Dans le cadre du projet « Une industrie culturelle en développement : l’architecture en terre », un programme ACP-UE d’appui au secteur culturel ACP « PAS DE FUTUR SANS CULTURE », programme du Groupe des États ACP financé par l’Union Européenne, le CISP, demandeur du projet, a organisé un concours d’idées international pour le pavillon de l’architecture en terre au Musée National Boubou Hama afin d’en assurer la visibilité et la médiatisation internationale.

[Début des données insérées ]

theorem lemma2:
  fixes c f d n :: real and \<eta> :: "real \<times> real \<Rightarrow> real"
  assumes "c > 0" and "f > 0" and "n \<ge> 1"
    and eta: "\<exists>W Et Ev B. open W \<and> (0,0) \<in> W \<and>
       (\<forall>p\<in>W \<inter> H2. (\<eta> has_derivative (\<lambda>h. fst h * Et p + snd h * Ev p)) (at p within W \<inter> H2)) \<and>
       continuous_on (W \<inter> H2) Et \<and> continuous_on (W \<inter> H2) Ev \<and>
       (\<forall>p\<in>W \<inter> H2. \<bar>\<eta> p\<bar> \<le> B \<and> \<bar>Et p\<bar> \<le> B)"
  shows "\<exists>\<omega> > 0. \<exists>W \<nu>. open W \<and> (0,0) \<in> W \<and>
           Psi1_nu \<omega> (W \<inter> H2) \<nu> (chi_fun c f d n \<eta>) \<and>
           ((\<lambda>t. inverse (\<nu> t)) \<longlongrightarrow> 0) (at 0)"
proof -
  obtain W0 Et Ev B where "open W0" "(0, 0) \<in> W0"
    and deriv: "\<forall>p\<in>W0 \<inter> H2. (\<eta> has_derivative (\<lambda>h. fst h * Et p + snd h * Ev p)) (at p within W0 \<inter> H2)"
    and "continuous_on (W0 \<inter> H2) Et" "continuous_on (W0 \<inter> H2) Ev"
    and bounded: "\<forall>p\<in>W0 \<inter> H2. \<bar>\<eta> p\<bar> \<le> B \<and> \<bar>Et p\<bar> \<le> B"
    using eta by blast
  define W where "W = W0 \<inter> ball (0, 0) 1"
  have "open W" "(0, 0) \<in> W" "W \<inter> H2 \<subseteq> W0 \<inter> H2"
    using \<open>open W0\<close> \<open>(0, 0) \<in> W0\<close> by (auto simp: W_def)
  have "0 \<le> B"
    using bounded \<open>(0, 0) \<in> W0\<close> by (force simp: H2_def)
  have "Psi1_nu (4 * c / f + B + 1) (W \<inter> H2) (\<lambda>t. (1 + 2 * \<bar>d\<bar>) / \<bar>t\<bar>) (chi_fun c f d n \<eta>)"
  proof (rule Psi1_nu_chi_fun)
    show "(\<eta> has_derivative (\<lambda>h. fst h * Et p + snd h * Ev p)) (at p within W \<inter> H2)"
      if "p \<in> W \<inter> H2" for p
      using deriv that \<open>W \<inter> H2 \<subseteq> W0 \<inter> H2\<close> by (blast intro: has_derivative_subset)
  qed (use assms \<open>0 \<le> B\<close> \<open>open W\<close> \<open>W \<inter> H2 \<subseteq> W0 \<inter> H2\<close> bounded
        \<open>continuous_on (W0 \<inter> H2) Et\<close> \<open>continuous_on (W0 \<inter> H2) Ev\<close>
        in \<open>auto simp: W_def intro: continuous_on_subset\<close>)
  moreover have "((\<lambda>t. \<bar>t\<bar> / (1 + 2 * \<bar>d\<bar>)) \<longlongrightarrow> \<bar>0\<bar> / (1 + 2 * \<bar>d\<bar>)) (at (0 :: real))"
    by (intro tendsto_intros) (simp add: add_pos_nonneg)
  moreover have "0 < 4 * c / f + B + 1"
    using assms \<open>0 \<le> B\<close> by (simp add: add_nonneg_pos)
  ultimately show ?thesis
    using \<open>open W\<close> \<open>(0, 0) \<in> W\<close> by (fastforce simp: inverse_eq_divide)
qed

L’objet du concours d’idées était de récompenser une proposition pour le pavillon de l’architecture en terre offrant un témoignage vivant de l’architecture en terre contemporaine et étalant les possibilités offertes par les techniques de construction en matériaux locaux et plus particulièrement la terre. Ce concours d’idées, ouvert  à des professionnels de la construction, enseignants, étudiants et stagiaires en architecture, a offert une occasion unique de se pencher sur la construction en terre au Niger.

 

Du 13 mars 2013 au 13 mai 2013, 62 inscriptions ont été enregistrées. Le 15 mai 2013, 34 projets ont été reçus et 33 projets ont été retenus par le comité de conformité des offres. Les projets sont en provenance de 18 pays différents : Algérie, Allemagne, Belgique, Bénin, Brésil, Bulgarie, Espagne, France, Grèce, Guatemala, Lituanie, Mali, Maroc, Niger, Nigéria, Sénégal, Togo, Tunisie.

 

Durant les mois de juin et juillet 2013, le jury s’est penché sur les propositions. Les idées étant d’une exceptionnelle qualité, le jury a finalement remis ses notes et nous sommes heureux de vous annoncer le palmarès suivant :

 

C’est l’équipe B au carré, composée de Abiola Akandé Yayi et Robert Soares de Lima, qui remporte le concours d’idées international pour le pavillon de l’architecture en terre au Musée National Boubou Hama à Niamey, Niger avec son projet « Les pieds sur terre ».

 

 

La liste des 10 premiers lauréats :

 

1ere place :

l’équipe B au Carré avec le projet « Les pieds sur terre » ;

2e place :

l’équipe BC-AS et Hanne avec le projet « Sama & Kasa » ;

3ème place :

l’équipe Atelier 970 – Architectes avec le projet : « Concours d’idées pour la construction d’un pavillon de l’architecture en terre » ;

4ème place :

Claire Guyet avec le projet : « Au-dessus, sur et dans la terre » ;

5ème place :

Marwan Yacef avec le projet : « Concours d’idées construction d’un pavillon de l’architecture en terre musée national Boubou Hama à Niamey » ;

6ème place :

l’équipe « Antre_Guillemets » avec le projet : « Jeux d’ombre » ;

7ème place :

l’équipe ALMN architectes avec le projet : « Terre à terre » ;

8ème place :

l’équipe LY avec le projet : « Le pavillon de l’architecture en terre » ;

9ème place :

l’équipe Terra Nova avec le projet : « Terra Nova » ;

10ème    place :

NBO architecte avec le projet : « Concours d’idées ».

 

 

Les propositions des 10 premiers lauréats seront publiées sur le site internet et la page Facebook du projet ainsi que lors d’une exposition dans le futur pavillon de l’architecture en terre qui sera construit au Musée National Boubou Hama à Niamey, Niger. Avant de pouvoir être publiées, les œuvres produites seront enregistrées par le CISP au dépôt légal nigérien conformément aux articles 1, 4, 5, 6, 7 et 8 de la Loi 2003-15 du 09 avril 2003.

 

L’inauguration du pavillon de l’architecture en terre se tiendra pendant le colloque international « La semaine de l’architecture en terre » qui aura lieu du 12 au 16 mai 2013 à Niamey en présence du mandataire de l’équipe gagnante du concours d’idées international.

 

L’équipe du CISP Niger remercie tous les participants pour leurs idées ainsi que pour l’intérêt qu’ils portent à ce projet, plus particulièrement à l’architecture en terre au Niger.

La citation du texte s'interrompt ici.